(WORK TO COMPLETE): Your answer must consist of exactly the lines below, starting with the line with "(\<Sum>v\<in>UNIV. if X" and going on through the line with "(if Y = X(v := One)", and nothing else.

(AVAILABLE DATA):

lemma holomorphic_derivative_bound:
  fixes f f' :: "complex \<Rightarrow> complex"
  assumes r: "r > 0"
    and deriv: "\<And>w. w \<in> ball w0 r \<Longrightarrow> (f has_field_derivative f' w) (at w)"
    and bound: "\<And>w. w \<in> ball w0 r \<Longrightarrow> norm (f w) \<le> B"
    and w: "w \<in> ball w0 (r/2)"
  shows "norm (f' w) \<le> 4 * B / r"
proof -
  have "f holomorphic_on ball w0 r"
    using deriv by (subst holomorphic_on_open) (simp, blast)
  moreover have sub: "cball w (r/4) \<subseteq> ball w0 r"
  proof
    fix x assume "x \<in> cball w (r/4)"
    then show "x \<in> ball w0 r"
      using w r dist_triangle[of w0 x w] by simp
  qed
  ultimately have "norm ((deriv ^^ 1) f w) \<le> fact 1 * B / (r/4)^1"
    using r bound
    by (intro Cauchy_inequality)
       (auto intro: holomorphic_on_subset[OF _ order_trans[OF ball_subset_cball sub]]
                    continuous_on_subset[OF holomorphic_on_imp_continuous_on sub] simp: dist_norm)
  moreover have "deriv f w = f' w"
    using w r by (intro DERIV_imp_deriv deriv) auto
  ultimately show ?thesis
    using r by (simp add: field_simps)
qed

lemma holomorphic_difference_quotient_bound:
  fixes f f' :: "complex \<Rightarrow> complex"
  assumes r: "r > 0"
    and deriv: "\<And>w. w \<in> ball w0 r \<Longrightarrow> (f has_field_derivative f' w) (at w)"
    and bound: "\<And>w. w \<in> ball w0 r \<Longrightarrow> norm (f w) \<le> B"
    and x: "x \<in> ball w0 (r/2)"
  shows "norm ((f x - f w0) / (x - w0)) \<le> 4 * B / r"
proof (cases "x = w0")
  case True
  have "norm (f w0) \<le> B"
    using bound r by simp
  then have "0 \<le> B"
    by (rule order_trans[OF norm_ge_zero])
  with r True show ?thesis by simp
next
  case False
  have "norm (f x - f w0) \<le> (4 * B / r) * norm (x - w0)"
  proof (rule field_differentiable_bound[of "ball w0 (r/2)"])
    fix z assume z: "z \<in> ball w0 (r/2)"
    then have "z \<in> ball w0 r"
      using r by simp
    then show "(f has_field_derivative f' z) (at z within ball w0 (r/2))"
      using deriv has_field_derivative_at_within by blast
    show "norm (f' z) \<le> 4 * B / r"
      by (rule holomorphic_derivative_bound[OF r deriv bound z])
  next
    show "w0 \<in> ball w0 (r/2)"
      using r by simp
  qed (simp, rule x)
  with False show ?thesis
    by (simp add: norm_divide divide_le_eq)
qed

lemma integrable_dominated_norm:
  fixes f :: "'a \<Rightarrow> 'b::{banach, second_countable_topology}"
  assumes "integrable M g" "f \<in> borel_measurable M" "\<And>y. y \<in> space M \<Longrightarrow> norm (f y) \<le> g y"
  shows "integrable M f"
  using assms(3) by (intro Bochner_Integration.integrable_bound[OF assms(1,2)] AE_I2)
    (metis abs_ge_self order_trans real_norm_def)

lemma difference_quotient_LIMSEQ:
  fixes f :: "complex \<Rightarrow> complex"
  assumes "(f has_field_derivative f') (at a)" "X \<longlonglongrightarrow> a" "\<And>i. X i \<noteq> a"
  shows "(\<lambda>i. (f (X i) - f a) / (X i - a)) \<longlonglongrightarrow> f'"
proof -
  have "((\<lambda>w. (f w - f a) / (w - a)) \<longlongrightarrow> f') (at a)"
    using assms(1) by (simp add: has_field_derivative_iff)
  moreover have "filterlim X (at a) sequentially"
    using assms(2,3) by (intro filterlim_atI) auto
  ultimately show ?thesis
    by (rule filterlim_compose)
qed
lemma Aset_iff_ratio_v:
  assumes "a \<noteq> 0" shows "(a, b) \<in> Aset \<sigma> \<longleftrightarrow> b / \<sigma> a \<in> {0..<1}"
proof -
  obtain e where a: "a = inv \<sigma> e" and "e \<noteq> 0" using assms by (metis inv_f sign_iffs(5))
  then show ?thesis unfolding Aset_iff a
    by (cases e "0::real" rule: linorder_cases; cases b e rule: linorder_cases)
      (auto simp: zero_le_mult_iff divide_less_eq le_divide_eq)
qed

lemma Bset_iff_ratio_v:
  assumes "a \<noteq> 0" shows "(a, b) \<in> Bset \<sigma> \<longleftrightarrow> b / \<sigma> a \<in> {1..}"
proof -
  obtain e where a: "a = inv \<sigma> e" and "e \<noteq> 0" using assms by (metis inv_f sign_iffs(5))
  then show ?thesis unfolding Bset_iff a
    by (cases e "0::real" rule: linorder_cases) (auto simp: zero_le_mult_iff le_divide_eq)
qed

lemma Cset_iff_ratio_v:
  assumes "a \<noteq> 0" shows "(a, b) \<in> Cset \<sigma> \<longleftrightarrow> - b / \<sigma> a \<in> {0<..1}"
proof -
  obtain e where a: "a = inv \<sigma> e" and "e \<noteq> 0" using assms by (metis inv_f sign_iffs(5))
  have "inv \<sigma> e + inv \<sigma> b = inv \<sigma> b - inv \<sigma> (- e)" by (simp add: inv_odd)
  then have "inv \<sigma> e + inv \<sigma> b \<le> 0 \<longleftrightarrow> b \<le> - e" "0 \<le> inv \<sigma> e + inv \<sigma> b \<longleftrightarrow> - e \<le> b"
    "inv \<sigma> e + inv \<sigma> b = 0 \<longleftrightarrow> b = - e"
    by auto
  with \<open>e \<noteq> 0\<close> show ?thesis unfolding Cset_iff a
    by (cases e "0::real" rule: linorder_cases; cases b "0::real" rule: linorder_cases)
      (auto simp: mult_le_0_iff divide_le_eq less_divide_eq divide_less_eq le_divide_eq)
qed

lemma Dset_iff_ratio_v:
  assumes "a \<noteq> 0" shows "(a, b) \<in> Dset \<sigma> \<longleftrightarrow> - b / \<sigma> a \<in> {1<..}"
proof -
  obtain e where a: "a = inv \<sigma> e" and "e \<noteq> 0" using assms by (metis inv_f sign_iffs(5))
  then show ?thesis unfolding Dset_iff a
    by (cases e "0::real" rule: linorder_cases) (auto simp: mult_le_0_iff divide_less_eq)
qed

section \<open>Irrationality is inherited by \<open>F\<^sub>\<sigma> p\<close>\<close>

lemma hmap_mem_Xset:
  assumes "(x, y) \<in> Xset" shows "hmap \<sigma> (x, y) \<in> Xset"
proof -
  have x: "x \<noteq> 0" "0 \<le> x * y" using assms by (simp_all add: Xset_iff)
  have y: "0 \<le> y * inv \<sigma> y" by (rule mult_inv_nonneg)
  have "x + inv \<sigma> y \<noteq> 0"
  proof
    assume "x + inv \<sigma> y = 0"
    then have "x = - inv \<sigma> y" by simp
    then have "x * y = - (y * inv \<sigma> y)" by simp
    with x y have "y * inv \<sigma> y = 0" by linarith
    with \<open>x + inv \<sigma> y = 0\<close> x show False by auto
  qed
  with x y show ?thesis by (simp add: hmap_def Xset_iff algebra_simps)
qed

lemma vmap_mem_Xset: "(x, y) \<in> Xset \<Longrightarrow> vmap \<sigma> (x, y) \<in> Xset"
  using mult_self_nonneg[of x] by (simp add: vmap_def Xset_iff algebra_simps)

lemma hinv_mem_Yset: "(x, y) \<in> Yset \<Longrightarrow> hinv \<sigma> (x, y) \<in> Yset"
  using mult_inv_nonneg[of y] by (simp add: hinv_def Yset_iff algebra_simps)

lemma vinv_mem_Yset:
  assumes "(x, y) \<in> Yset" shows "vinv \<sigma> (x, y) \<in> Yset"
proof -
  have y: "y \<noteq> 0" "x * y \<le> 0" using assms by (simp_all add: Yset_iff)
  have x: "0 \<le> x * \<sigma> x" by (rule mult_self_nonneg)
  have "y \<noteq> \<sigma> x"
  proof
    assume "y = \<sigma> x"
    with x y have "x * \<sigma> x = 0" by simp
    with \<open>y = \<sigma> x\<close> y show False by auto
  qed
  with x y show ?thesis by (simp add: vinv_def Yset_iff algebra_simps)
qed

lemma Aset_subset_Xset: "Aset \<sigma> \<subseteq> Xset"
  by (auto simp: Aset_def hmap_mem_Xset)

lemma Bset_subset_Xset: "Bset \<sigma> \<subseteq> Xset"
  by (auto simp: Bset_def vmap_mem_Xset)

lemma Cset_subset_Yset: "Cset \<sigma> \<subseteq> Yset"
  by (auto simp: Cset_def hinv_mem_Yset)

lemma Dset_subset_Yset: "Dset \<sigma> \<subseteq> Yset"
  by (auto simp: Dset_def vinv_mem_Yset)

lemma mon_hv_nonneg_product:
  "m \<in> mon_hv \<sigma> \<Longrightarrow> 0 \<le> fst q * snd q \<Longrightarrow> 0 \<le> fst (m q) * snd (m q)"
proof (induction m rule: mon_hv.induct)
  case (h m)
  then show ?case using mult_inv_nonneg[of "snd (m q)"]
    by (cases "m q") (simp add: hmap_def algebra_simps)
next
  case (v m)
  then show ?case using mult_self_nonneg[of "fst (m q)"]
    by (cases "m q") (simp add: vmap_def algebra_simps)
qed simp

lemma mon_hv_inv_nonpos_product:
  "m \<in> mon_hv_inv \<sigma> \<Longrightarrow> fst q * snd q \<le> 0 \<Longrightarrow> fst (m q) * snd (m q) \<le> 0"
proof (induction m rule: mon_hv_inv.induct)
  case (h m)
  then show ?case using mult_inv_nonneg[of "snd (m q)"]
    by (cases "m q") (simp add: hinv_def algebra_simps)
next
  case (v m)
  then show ?case using mult_self_nonneg[of "fst (m q)"]
    by (cases "m q") (simp add: vinv_def algebra_simps)
qed simp

lemma sigma_irrational_preimage_Xset:
  assumes m: "m \<in> mon_hv \<sigma>" and irr: "sigma_irrational \<sigma> (m q)" and q: "q \<in> Xset"
  shows "sigma_irrational \<sigma> q"
proof -
  have not_Ox: "q \<notin> m' ` Ox" if "m' \<in> mon_hv \<sigma>" for m'
  proof
    assume "q \<in> m' ` Ox"
    then have "m q \<in> (m \<circ> m') ` Ox" unfolding image_comp[symmetric] by (rule imageI)
    with irr mon_hv_image_Ox_rational[OF mon_hv_comp[OF m that]] show False
      unfolding sigma_irrational_def by blast
  qed
  \<comment> \<open>\<open>mon_hv_inv\<close> preserves \<open>x y \<le> 0\<close>, so such a point of \<open>Xset\<close> lies on \<open>Ox\<close>\<close>
  have not_Oy: "q \<notin> m' ` Oy" if "m' \<in> mon_hv_inv \<sigma>" for m'
  proof
    assume "q \<in> m' ` Oy"
    then obtain z where "z \<in> Oy" and "q = m' z" by blast
    then have "fst q * snd q \<le> 0"
      using mon_hv_inv_nonpos_product[OF that] by (auto simp: Oy_def)
    with q have "snd q = 0" by (cases q) (auto simp: Xset_iff)
    then have "q \<in> id ` Ox" by (cases q) (simp add: Ox_def)
    with not_Ox[OF mon_hv.id] show False ..
  qed
  show ?thesis
    unfolding sigma_irrational_def
  proof (intro ballI notI)
    fix L assume "L \<in> rational_lines \<sigma>" "q \<in> L"
    then show False using not_Ox not_Oy by (cases rule: rational_lines_cases) blast+
  qed
qed
(* Let $\mu$ be a monotone system over $\{0,1\}^V$, $\theta\in(0,1)$ and $T_2\ge1$. For $t\ge1$ define $P^{(t)}_{\mathrm{alg}}=P_{\mathrm{cl}}P_{\mathrm{s\text{-}GD}}$ and $P^{(t)}_{\pi\text{-mGD}}=P_{\mathrm{cl}}P_{\pi\text{-GD}}$ if $(t-1)\bmod T_2=0$, and $P^{(t)}_{\mathrm{alg}}=P_{\mathrm{s\text{-}GD}}$, $P^{(t)}_{\pi\text{-mGD}}=P_{\pi\text{-GD}}$ otherwise. Then $P^{(t)}_{\pi\text{-mGD}}\preceq_{\mathrm{mc}}P^{(t)}_{\mathrm{alg}}$ for all $t\ge1$.
   Context: Monotone system: for every $v$ and all feasible $\sigma\preceq\tau$ in $\{0,1\}^{V\setminus\{v\}}$ (coordinatewise), $\mu^\sigma_v(1)\le\mu^\tau_v(1)$. Tilted $(\theta*\mu)(\sigma)\propto\mu(\sigma)\theta^{\|\sigma\|_1}$. $\mathsf{lift}$: random map $\{0,1\}^V\to\{0,1,\star\}^V$, independently per coordinate $0\mapsto0$, $1\mapsto\star$ w.p. $1-\theta$, $1\mapsto1$ w.p. $\theta$. $\mathsf{contr}$: $0\mapsto0$, $1,\star\mapsto1$. $\pi$: law of $\mathsf{lift}(X)$, $X\sim\mu$, support $\Omega(\pi)$. $P_{\pi\text{-GD}}$: pick $v$ uniformly, resample $X_v$ from $\pi$ given $X_{V\setminus\{v\}}$. $P_{\mathrm{cl}}$: $X\mapsto\mathsf{lift}(\mathsf{contr}(X))$. $P_{\mathrm{s\text{-}GD}}$: pick $v$ uniformly; if $X_v=\star$ keep it; otherwise resample $X_v\in\{0,1\}$ from $(\theta*\mu)_v^{\sigma_{V\setminus\{v\}}}$, $\sigma=\mathsf{contr}(X)$. The product $PQ$ means apply $P$ then $Q$. Order $0<1<\star$, coordinatewise partial order. $f:\Omega(\pi)\to\mathbb R_{\ge0}$ is increasing if $X\preceq Y\Rightarrow f(X)\le f(Y)$; $\nu\preceq_{\mathrm{sd}}\nu'$ iff $\mathbb E_\nu f\le\mathbb E_{\nu'}f$ for all increasing $f$. $\mathcal{MC}_\pi$: chains reversible w.r.t. $\pi$ and stochastically monotone ($Pf$ increasing whenever $f$ is). For $P,Q\in\mathcal{MC}_\pi$, $P\preceq_{\mathrm{mc}}Q$ iff for every distribution $\nu$ on $\Omega(\pi)$ such that $\sigma\mapsto\nu(\sigma)/\pi(\sigma)$ is increasing, $\nu P\preceq_{\mathrm{sd}}\nu Q$. *)

theory Defs
  imports Complex_Main
begin

datatype spin3 = Zero | One | Star

lemma UNIV_spin3: "(UNIV :: spin3 set) = {Zero, One, Star}"
  using spin3.exhaust by auto

instance spin3 :: finite
  by standard (simp add: UNIV_spin3)

fun rank3 :: "spin3 \<Rightarrow> nat" where
  "rank3 Zero = 0" | "rank3 One = 1" | "rank3 Star = 2"

definition conf_le :: "('v \<Rightarrow> spin3) \<Rightarrow> ('v \<Rightarrow> spin3) \<Rightarrow> bool" where
  "conf_le X Y \<longleftrightarrow> (\<forall>v. rank3 (X v) \<le> rank3 (Y v))"

text \<open>Configurations in {0,1}^V are 'v \<Rightarrow> bool (True = 1); a distribution is a
  function to the reals.\<close>

definition feasible :: "(('v \<Rightarrow> bool) \<Rightarrow> real) \<Rightarrow> 'v \<Rightarrow> ('v \<Rightarrow> bool) \<Rightarrow> bool" where
  "feasible mu v \<sigma> \<longleftrightarrow> mu (\<sigma>(v := True)) + mu (\<sigma>(v := False)) > 0"

definition cond1 :: "(('v \<Rightarrow> bool) \<Rightarrow> real) \<Rightarrow> 'v \<Rightarrow> ('v \<Rightarrow> bool) \<Rightarrow> real" where
  "cond1 mu v \<sigma> = mu (\<sigma>(v := True)) / (mu (\<sigma>(v := True)) + mu (\<sigma>(v := False)))"

definition is_distr :: "('a::finite \<Rightarrow> real) \<Rightarrow> bool" where
  "is_distr mu \<longleftrightarrow> (\<forall>x. mu x \<ge> 0) \<and> (\<Sum>x\<in>UNIV. mu x) = 1"

definition monotone_system :: "(('v::finite \<Rightarrow> bool) \<Rightarrow> real) \<Rightarrow> bool" where
  "monotone_system mu \<longleftrightarrow> is_distr mu \<and>
     (\<forall>v \<sigma> \<tau>. (\<forall>u. u \<noteq> v \<longrightarrow> (\<sigma> u \<longrightarrow> \<tau> u)) \<and> feasible mu v \<sigma> \<and> feasible mu v \<tau>
        \<longrightarrow> cond1 mu v \<sigma> \<le> cond1 mu v \<tau>)"

definition tilt :: "real \<Rightarrow> (('v::finite \<Rightarrow> bool) \<Rightarrow> real) \<Rightarrow> ('v \<Rightarrow> bool) \<Rightarrow> real" where
  "tilt \<theta> mu \<sigma> = mu \<sigma> * \<theta> ^ card {v. \<sigma> v} /
     (\<Sum>\<tau>\<in>UNIV. mu \<tau> * \<theta> ^ card {v. \<tau> v})"

definition contr :: "('v \<Rightarrow> spin3) \<Rightarrow> ('v \<Rightarrow> bool)" where
  "contr X = (\<lambda>v. X v \<noteq> Zero)"

fun lift1 :: "real \<Rightarrow> bool \<Rightarrow> spin3 \<Rightarrow> real" where
  "lift1 \<theta> False c = (if c = Zero then 1 else 0)"
| "lift1 \<theta> True Zero = 0"
| "lift1 \<theta> True One = \<theta>"
| "lift1 \<theta> True Star = 1 - \<theta>"

definition lift_prob :: "real \<Rightarrow> ('v::finite \<Rightarrow> bool) \<Rightarrow> ('v \<Rightarrow> spin3) \<Rightarrow> real" where
  "lift_prob \<theta> \<sigma> X = (\<Prod>v\<in>UNIV. lift1 \<theta> (\<sigma> v) (X v))"

definition pi_lift :: "real \<Rightarrow> (('v::finite \<Rightarrow> bool) \<Rightarrow> real) \<Rightarrow> ('v \<Rightarrow> spin3) \<Rightarrow> real" where
  "pi_lift \<theta> mu X = (\<Sum>\<sigma>\<in>UNIV. mu \<sigma> * lift_prob \<theta> \<sigma> X)"

definition Omega :: "(('v \<Rightarrow> spin3) \<Rightarrow> real) \<Rightarrow> ('v \<Rightarrow> spin3) set" where
  "Omega p = {X. p X > 0}"

type_synonym 'v chain = "('v \<Rightarrow> spin3) \<Rightarrow> ('v \<Rightarrow> spin3) \<Rightarrow> real"

definition mprod :: "'v::finite chain \<Rightarrow> 'v chain \<Rightarrow> 'v chain" where
  "mprod P Q X Z = (\<Sum>Y\<in>UNIV. P X Y * Q Y Z)"

definition P_piGD :: "real \<Rightarrow> (('v::finite \<Rightarrow> bool) \<Rightarrow> real) \<Rightarrow> 'v chain" where
  "P_piGD \<theta> mu X Y = (1 / real (card (UNIV :: 'v set))) *
     (\<Sum>v\<in>UNIV. if (\<forall>u. u \<noteq> v \<longrightarrow> Y u = X u)
        then pi_lift \<theta> mu Y / (\<Sum>c\<in>UNIV. pi_lift \<theta> mu (X(v := c))) else 0)"

definition P_cl :: "real \<Rightarrow> 'v::finite chain" where
  "P_cl \<theta> X Y = lift_prob \<theta> (contr X) Y"

definition P_sGD :: "real \<Rightarrow> (('v::finite \<Rightarrow> bool) \<Rightarrow> real) \<Rightarrow> 'v chain" where
  "P_sGD \<theta> mu X Y = (1 / real (card (UNIV :: 'v set))) *
     (\<Sum>v\<in>UNIV. if X v = Star then (if Y = X then 1 else 0)
        else (let q = cond1 (tilt \<theta> mu) v (contr X) in
              (if Y = X(v := One) then q else 0) + (if Y = X(v := Zero) then 1 - q else 0)))"

definition P_alg :: "real \<Rightarrow> (('v::finite \<Rightarrow> bool) \<Rightarrow> real) \<Rightarrow> nat \<Rightarrow> nat \<Rightarrow> 'v chain" where
  "P_alg \<theta> mu T2 t = (if (t - 1) mod T2 = 0 then mprod (P_cl \<theta>) (P_sGD \<theta> mu) else P_sGD \<theta> mu)"

definition P_pimGD :: "real \<Rightarrow> (('v::finite \<Rightarrow> bool) \<Rightarrow> real) \<Rightarrow> nat \<Rightarrow> nat \<Rightarrow> 'v chain" where
  "P_pimGD \<theta> mu T2 t = (if (t - 1) mod T2 = 0 then mprod (P_cl \<theta>) (P_piGD \<theta> mu) else P_piGD \<theta> mu)"

definition increasing_on :: "('v \<Rightarrow> spin3) set \<Rightarrow> (('v \<Rightarrow> spin3) \<Rightarrow> real) \<Rightarrow> bool" where
  "increasing_on S f \<longleftrightarrow> (\<forall>X\<in>S. f X \<ge> 0) \<and>
     (\<forall>X\<in>S. \<forall>Y\<in>S. conf_le X Y \<longrightarrow> f X \<le> f Y)"

definition sd_le :: "('v \<Rightarrow> spin3) set \<Rightarrow> (('v \<Rightarrow> spin3) \<Rightarrow> real) \<Rightarrow> (('v \<Rightarrow> spin3) \<Rightarrow> real) \<Rightarrow> bool" where
  "sd_le S \<nu> \<nu>' \<longleftrightarrow> (\<forall>f. increasing_on S f \<longrightarrow> (\<Sum>Y\<in>S. \<nu> Y * f Y) \<le> (\<Sum>Y\<in>S. \<nu>' Y * f Y))"

definition push :: "(('v::finite \<Rightarrow> spin3) \<Rightarrow> real) \<Rightarrow> 'v chain \<Rightarrow> ('v \<Rightarrow> spin3) \<Rightarrow> real" where
  "push \<nu> P Y = (\<Sum>X\<in>UNIV. \<nu> X * P X Y)"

(RESULT):
     (\<Sum>v\<in>UNIV. if X v = Star then (if Y = X then 1 else 0)
        else (let q = cond1 (tilt \<theta> mu) v (contr X) in
              (if Y = X(v := One) then q else 0) + (if Y = X(v := Zero) then 1 - q else 0)))"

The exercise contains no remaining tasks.